One of the most annoying issues I have when working with Power BI files is that source control is a real pain. Considering that Microsoft owns Azure, Github, and Power BI, one would hope that they will come up with a solution for comparing two reports without using third-party tools or overly complicated solutions… But that day seems still far in the future.
Here is a story about how I managed to set up a CI/CD pipeline through Azure DevOps Pipeline for providing rudimental version control of our Power BI reports.
❓ The problem
While textual formats like markdown or .json can be compared using an editor, binary formats like .pbix are not supported, being binary files. This results in a confusing situation where we have to document what exactly has been changed after every update, losing the powerful features available with git. So, lots of time wasted, plus insecurity and confusion.
🙏 Acknowledgments
Many people have tried to tackle the problem, in particular, Kerski and Gerhard Brueckl. I’m very thankful for their precious resources. Also, I have to thank the creators of Tabular Editor, an open-source tool that offers several functionalities, including extracting the metadata of a .pbix files into .json files, transforming the binary file into a textual format.
The main source for this article is this amazing blog post from Gerhard Brueckl.

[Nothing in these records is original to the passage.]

(* Let $n\ge1$, $\ell\ge0$, $k\ge0$ be integers. Let $A(n,\ell,k)$ be the number of rooted trees $T$ on $[n]$ such that the root of $T$ has exactly $\ell$ children smaller than the root and $\mathrm{MD}(T)$ has exactly $k+1$ vertices. Let $B(n,\ell,k)$ be the number of (unordered) forests on $[n]$ consisting of $\ell+1$ rooted trees such that $n$ is a leaf, and such that the sum of $|\mathrm{MD}(T)|$ over all trees $T$ of the forest other than the one containing $n$ equals $k$. Then $A(n,\ell,k)=B(n,\ell,k)$.
   Context: A rooted tree on a finite set is a tree on that set with a distinguished root; parent/child and leaves are taken with respect to the root (a leaf has no children). A rooted tree is decreasing if every nonleaf is greater than all of its children. For a rooted tree $T$, $\mathrm{MD}(T)$ denotes the maximal decreasing subtree of $T$: the maximal subtree of $T$ having the same root as $T$ that is decreasing; $|\mathrm{MD}(T)|$ is its number of vertices. A forest on $[n]$ is a set of rooted trees whose vertex sets partition $[n]$. *)

theory Defs
  imports Main
begin

text \<open>A rooted forest on [n] = {1..n} is encoded by its parent map
  par :: nat \<Rightarrow> nat option: par v = Some u means u is the parent of v,
  par v = None means v is a root (or v is outside [n]).\<close>

definition par_edges :: "(nat \<Rightarrow> nat option) \<Rightarrow> (nat \<times> nat) set" where
  "par_edges par = {(v, u). par v = Some u}"

definition roots :: "nat \<Rightarrow> (nat \<Rightarrow> nat option) \<Rightarrow> nat set" where
  "roots n par = {r \<in> {1..n}. par r = None}"

definition forest_on :: "nat \<Rightarrow> (nat \<Rightarrow> nat option) \<Rightarrow> bool" where
  "forest_on n par \<longleftrightarrow>
     (\<forall>v. v \<notin> {1..n} \<longrightarrow> par v = None) \<and>
     (\<forall>v \<in> {1..n}. \<forall>u. par v = Some u \<longrightarrow> u \<in> {1..n}) \<and>
     (\<forall>v \<in> {1..n}. \<exists>r \<in> roots n par. (v, r) \<in> (par_edges par)\<^sup>*)"

definition rooted_tree_on :: "nat \<Rightarrow> (nat \<Rightarrow> nat option) \<Rightarrow> bool" where
  "rooted_tree_on n par \<longleftrightarrow> forest_on n par \<and> card (roots n par) = 1"

definition children :: "(nat \<Rightarrow> nat option) \<Rightarrow> nat \<Rightarrow> nat set" where
  "children par v = {c. par c = Some v}"

definition root_of :: "nat \<Rightarrow> (nat \<Rightarrow> nat option) \<Rightarrow> nat \<Rightarrow> nat" where
  "root_of n par v = (THE r. r \<in> roots n par \<and> (v, r) \<in> (par_edges par)\<^sup>*)"

text \<open>S is the vertex set of a decreasing subtree, with root r, of the tree rooted
  at r: S lies in that tree, contains r, is closed under taking parents
  (so it induces a subtree with the same root), and every vertex of S other than r
  is smaller than its parent (i.e. every nonleaf of the subtree is greater than
  all its children in the subtree).\<close>
definition decreasing_subtree :: "(nat \<Rightarrow> nat option) \<Rightarrow> nat \<Rightarrow> nat set \<Rightarrow> bool" where
  "decreasing_subtree par r S \<longleftrightarrow>
     r \<in> S \<and> (\<forall>v \<in> S. (v, r) \<in> (par_edges par)\<^sup>*) \<and>
     (\<forall>v \<in> S. \<forall>u. par v = Some u \<longrightarrow> u \<in> S \<and> v < u)"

The code I used mostly comes from his Github repository, with a few tweaks I personally added. I recommend reading its README for the more technical details and the environment variables needed for authentication. You may be interested in his Github Action version, which doesn’t require Azure.
📑 Requisites
- a .pbix file with a dataset to track with git
- a PowerBI Premium per User license (and a Premium workspace already created)
- an Azure DevOps repository
- a service principal (an Active Directory entity with permissions to edit the Power BI Premium workspace)
- A variable group with auth variables to Power BI for the service principal (explained here)
💡 The idea
As Gerhard says:
The core idea of the solution is to use CI/CD pipelines that automatically extracts the metadata of a .pbix file as soon as it is pushed to the Git repository. To do this, the .pbix file is automatically uploaded to a Power BI Premium workspace using the Power BI REST API and the free version of Tabular Editor 2 then extracts the BIM file via the XMLA endpoint and push it back to the repository.
In short, the pipeline retrieves the commit id of the latest two commits in the repository, detects which .pbix files have been modified, then uploads them in the Premium Workspace. This step is needed because the Premium workspace gives access to an XMLA endpoint used by Tabular Editor to access its data. Then, the pipeline extracts all the metadata in .JSON format and pushes it to the DevOps repository.
💬 The code [Step by Step]
Be free to skip this section if you are not interested in the details about the code, which is fully available here. I’m trying to keep things simple for newbies like me so I documented every step.
First, a simple introduction to Azure Pipelines. An Azure Pipeline is composed of a setup part and different steps. The code is executed in a VM (in my case, hosted by Microsoft) triggered after every commit, which doesn’t basically anything about the context. This is good because the code is always executed in a neutral environment, but also requires to install modules every time and complicates some (in theory) simple steps, especially when using git.
1. Setup
Here I named the pipeline, which will be triggered only when a .pbix file is committed, on all branches.
The batch
parameter, as badly documented by Windows, has been set to false
: I want to trigger the pipeline for each commit, even if more of them have been pushed in a batch.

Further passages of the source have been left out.